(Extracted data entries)
lemma solvable_seq_commuting_block_triangular:
  fixes S T :: "'f::field mat3 set"
  assumes S: "subgroup S GL3" and T: "subgroup T GL3"
    and bt: "\<And>M. M \<in> S \<union> T \<Longrightarrow> block_triangular M"
    and comm: "\<And>M N. M \<in> S \<Longrightarrow> N \<in> T \<Longrightarrow> M ** N = N ** M"
  shows "solvable_seq GL3 S \<or> solvable_seq GL3 T"
proof (cases "\<forall>M\<in>S. scalar_block M")
  case True
  then have "solvable_seq GL3 S"
    using bt block_diagonal_commute_if_scalar_block by (intro solvable_seq_block_triangular[OF S]) auto
  then show ?thesis ..
next
  case False
  then obtain P where P: "P \<in> S" "\<not> scalar_block P" by blast
  have P_central: "block_diagonal N ** block_diagonal P = block_diagonal P ** block_diagonal N"
    if N: "N \<in> T" for N
  proof -
    have "block_triangular N" "block_triangular P" using bt N P(1) by auto
    then show ?thesis using comm[OF P(1) N] by (simp flip: block_diagonal_mult)
  qed
  have "solvable_seq GL3 T"
  proof (rule solvable_seq_block_triangular[OF T])
    show "block_triangular M" if "M \<in> T" for M using bt that by blast
    show "block_diagonal M ** block_diagonal N = block_diagonal N ** block_diagonal M"
      if "M \<in> T" "N \<in> T" for M N
      using block_diagonal_centralizer_commute[OF P(2)] P_central that by blast
  qed
  then show ?thesis ..
qed

section \<open>Centralisers without a common eigenvector\<close>

definition matrix_centralizer :: "'f::field mat3 set \<Rightarrow> 'f mat3 set" where
  "matrix_centralizer S = {M. \<forall>s\<in>S. M ** s = s ** M}"

definition common_eigenvector :: "'f::field mat3 set \<Rightarrow> 'f^3 \<Rightarrow> bool" where
  "common_eigenvector S v \<longleftrightarrow> v \<noteq> 0 \<and> (\<forall>s\<in>S. \<exists>c. s *v v = c *s v)"

lemma mat_mult_commute: "mat c ** (M :: 'f::field mat3) = M ** mat c"
  by (simp add: vec_eq_iff forall_3 sum_3 matrix_matrix_mult_def mat_def)

lemma mat_mult_mat: "mat p ** mat q = (mat (p * q) :: 'f::field mat3)"
  by (simp add: vec_eq_iff forall_3 sum_3 matrix_matrix_mult_def mat_def)

lemma mat_mult_vector: "(mat c :: 'f::field mat3) *v v = c *s v"
  by (simp add: vec_eq_iff forall_3 sum_3 matrix_vector_mult_def mat_def)

lemma mat_eq_0_iff: "(mat c :: 'f::field mat3) = 0 \<longleftrightarrow> c = 0"
  by (simp add: vec_eq_iff forall_3 mat_def)

lemma matrix_add_rdistrib: "(A + B) ** C = A ** C + B ** (C :: 'f::field mat3)"
  by (simp add: matrix_matrix_mult_def vec_eq_iff sum.distrib algebra_simps)

lemma mat_in_matrix_centralizer: "mat c \<in> matrix_centralizer S"
  by (simp add: matrix_centralizer_def mat_mult_commute)

lemma matrix_centralizer_add:
  "M \<in> matrix_centralizer S \<Longrightarrow> N \<in> matrix_centralizer S \<Longrightarrow> M + N \<in> matrix_centralizer S"
  by (simp add: matrix_centralizer_def matrix_add_ldistrib matrix_add_rdistrib)

lemma matrix_centralizer_mult:
  "M \<in> matrix_centralizer S \<Longrightarrow> N \<in> matrix_centralizer S \<Longrightarrow> M ** N \<in> matrix_centralizer S"
  by (simp add: matrix_centralizer_def flip: matrix_mul_assoc) (simp add: matrix_mul_assoc)

definition matrix_of_columns :: "'f::field^3 \<Rightarrow> 'f^3 \<Rightarrow> 'f^3 \<Rightarrow> 'f mat3" where
  "matrix_of_columns a b c = (\<chi> i j. if j = 1 then a$i else if j = 2 then b$i else c$i)"

lemma matrix_of_columns_mult_vector:
  "matrix_of_columns a b c *v v = v$1 *s a + v$2 *s b + v$3 *s c"
  by (simp add: matrix_of_columns_def matrix_vector_mult_def vec_eq_iff sum_3 algebra_simps)

lemma matrix_of_columns_mult_axis:
  "matrix_of_columns a b c *v axis 1 1 = a" "matrix_of_columns a b c *v axis 2 1 = b"
  by (simp_all add: matrix_of_columns_mult_vector axis_def)

lemma det_matrix_of_columns:
  "det (matrix_of_columns a b c) = a$1 * b$2 * c$3 + b$1 * c$2 * a$3 + c$1 * a$2 * b$3
    - a$1 * c$2 * b$3 - b$1 * a$2 * c$3 - c$1 * b$2 * a$3"
  by (simp add: det_3 matrix_of_columns_def)

lemma three_vectors_dependent_or_spanning:
  fixes a b c :: "'f::field^3"
  shows "(\<exists>x y z. (x, y, z) \<noteq> (0, 0, 0) \<and> x *s a + y *s b + z *s c = 0)
    \<or> (\<forall>w. \<exists>x y z. w = x *s a + y *s b + z *s c)"
proof (cases "\<forall>v. matrix_of_columns a b c *v v = 0 \<longrightarrow> v = 0")
  case True
  then have "invertible (matrix_of_columns a b c)"
    using matrix_left_invertible_ker invertible_left_inverse by blast
  then obtain Q where "matrix_of_columns a b c ** Q = mat 1" unfolding invertible_def by blast
  then have "\<forall>w. matrix_of_columns a b c *v (Q *v w) = w" by (simp add: matrix_vector_mul_assoc)
  then show ?thesis using matrix_of_columns_mult_vector by metis
next
  case False
  then obtain v where v: "matrix_of_columns a b c *v v = 0" "v \<noteq> 0" by blast
  then have "(v$1, v$2, v$3) \<noteq> (0, 0, 0)" by (auto simp: vec_eq_iff forall_3)
  then show ?thesis using matrix_of_columns_mult_vector v by metis
qed

lemma four_vectors_dependent:
  fixes a b c d :: "'f::field^3"
  shows "\<exists>x y z u. (x, y, z, u) \<noteq> (0, 0, 0, 0) \<and> x *s a + y *s b + z *s c + u *s d = 0"
  using three_vectors_dependent_or_spanning[of a b c]
proof
  assume "\<exists>x y z. (x, y, z) \<noteq> (0, 0, 0) \<and> x *s a + y *s b + z *s c = 0"
  then obtain x y z where "(x, y, z) \<noteq> (0, 0, 0)" "x *s a + y *s b + z *s c = 0" by blast
  then have "(x, y, z, 0) \<noteq> (0, 0, 0, 0) \<and> x *s a + y *s b + z *s c + 0 *s d = 0" by auto
  then show ?thesis by blast
next
  assume "\<forall>w. \<exists>x y z. w = x *s a + y *s b + z *s c"
  then obtain x y z where "d = x *s a + y *s b + z *s c" by blast
  then have "(x, y, z, - 1 :: 'f) \<noteq> (0, 0, 0, 0) \<and> x *s a + y *s b + z *s c + (-1) *s d = 0"
    by (simp add: vec_eq_iff)
  then show ?thesis by blast
qed

lemma matrix_image_line_if_kernel_plane:
  fixes M :: "'f::field mat3"
  assumes v: "M *v v = 0" "v \<noteq> 0" and w: "M *v w = 0" "\<And>c. w \<noteq> c *s v"
    and u0: "M *v u0 \<noteq> 0"
  shows "\<exists>z. M *v u = z *s (M *v u0)"
  using three_vectors_dependent_or_spanning[of v w u0]
proof
  assume "\<exists>x y z. (x, y, z) \<noteq> (0, 0, 0) \<and> x *s v + y *s w + z *s u0 = 0"
  then obtain x y z where xyz: "(x, y, z) \<noteq> (0, 0, 0)" "x *s v + y *s w + z *s u0 = 0" by blast
  have "z *s (M *v u0) = M *v (x *s v + y *s w + z *s u0)"
    using v w by (simp add: matrix_vector_right_distrib vector_scalar_commute)
  then have "z = 0" using xyz u0 by simp
  show ?thesis
  proof (cases "y = 0")
    case True
    then show ?thesis using xyz \<open>z = 0\<close> v by auto
  next
    case False
    then have "w = (- x / y) *s v" using xyz \<open>z = 0\<close>
      by (simp add: vec_eq_iff field_simps) (metis add_eq_0_iff)
    then show ?thesis using w by blast
  qed
next
  assume "\<forall>u. \<exists>x y z. u = x *s v + y *s w + z *s u0"
  then obtain x y z where "u = x *s v + y *s w + z *s u0" by blast
  then have "M *v u = z *s (M *v u0)"
    using v w by (simp add: matrix_vector_right_distrib vector_scalar_commute)
  then show ?thesis by blast
qed

lemma common_eigenvector_if_image_line:
  fixes M :: "'f::field mat3"
  assumes M: "M \<in> matrix_centralizer S" and u0: "M *v u0 \<noteq> 0"
    and line: "\<And>u. \<exists>z. M *v u = z *s (M *v u0)"
  shows "common_eigenvector S (M *v u0)"
  unfolding common_eigenvector_def
proof (intro conjI ballI)
  fix s assume "s \<in> S"
  then have "s *v (M *v u0) = M *v (s *v u0)"
    using M by (simp add: matrix_centralizer_def matrix_vector_mul_assoc)
  then show "\<exists>c. s *v (M *v u0) = c *s (M *v u0)" using line by metis
qed (rule u0)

■ EXERCISE GOAL
Set aside each line above that includes the string "obtain" and report it.

■ ANSWER SPACE
  then obtain P where P: "P \<in> S" "\<not> scalar_block P" by blast
  then obtain Q where "matrix_of_columns a b c ** Q = mat 1" unfolding invertible_def by blast
  then obtain v where v: "matrix_of_columns a b c *v v = 0" "v \<noteq> 0" by blast
  then obtain x y z where "(x, y, z) \<noteq> (0, 0, 0)" "x *s a + y *s b + z *s c = 0" by blast
  then obtain x y z where "d = x *s a + y *s b + z *s c" by blast
  then obtain x y z where xyz: "(x, y, z) \<noteq> (0, 0, 0)" "x *s v + y *s w + z *s u0 = 0" by blast
  then obtain x y z where "u = x *s v + y *s w + z *s u0" by blast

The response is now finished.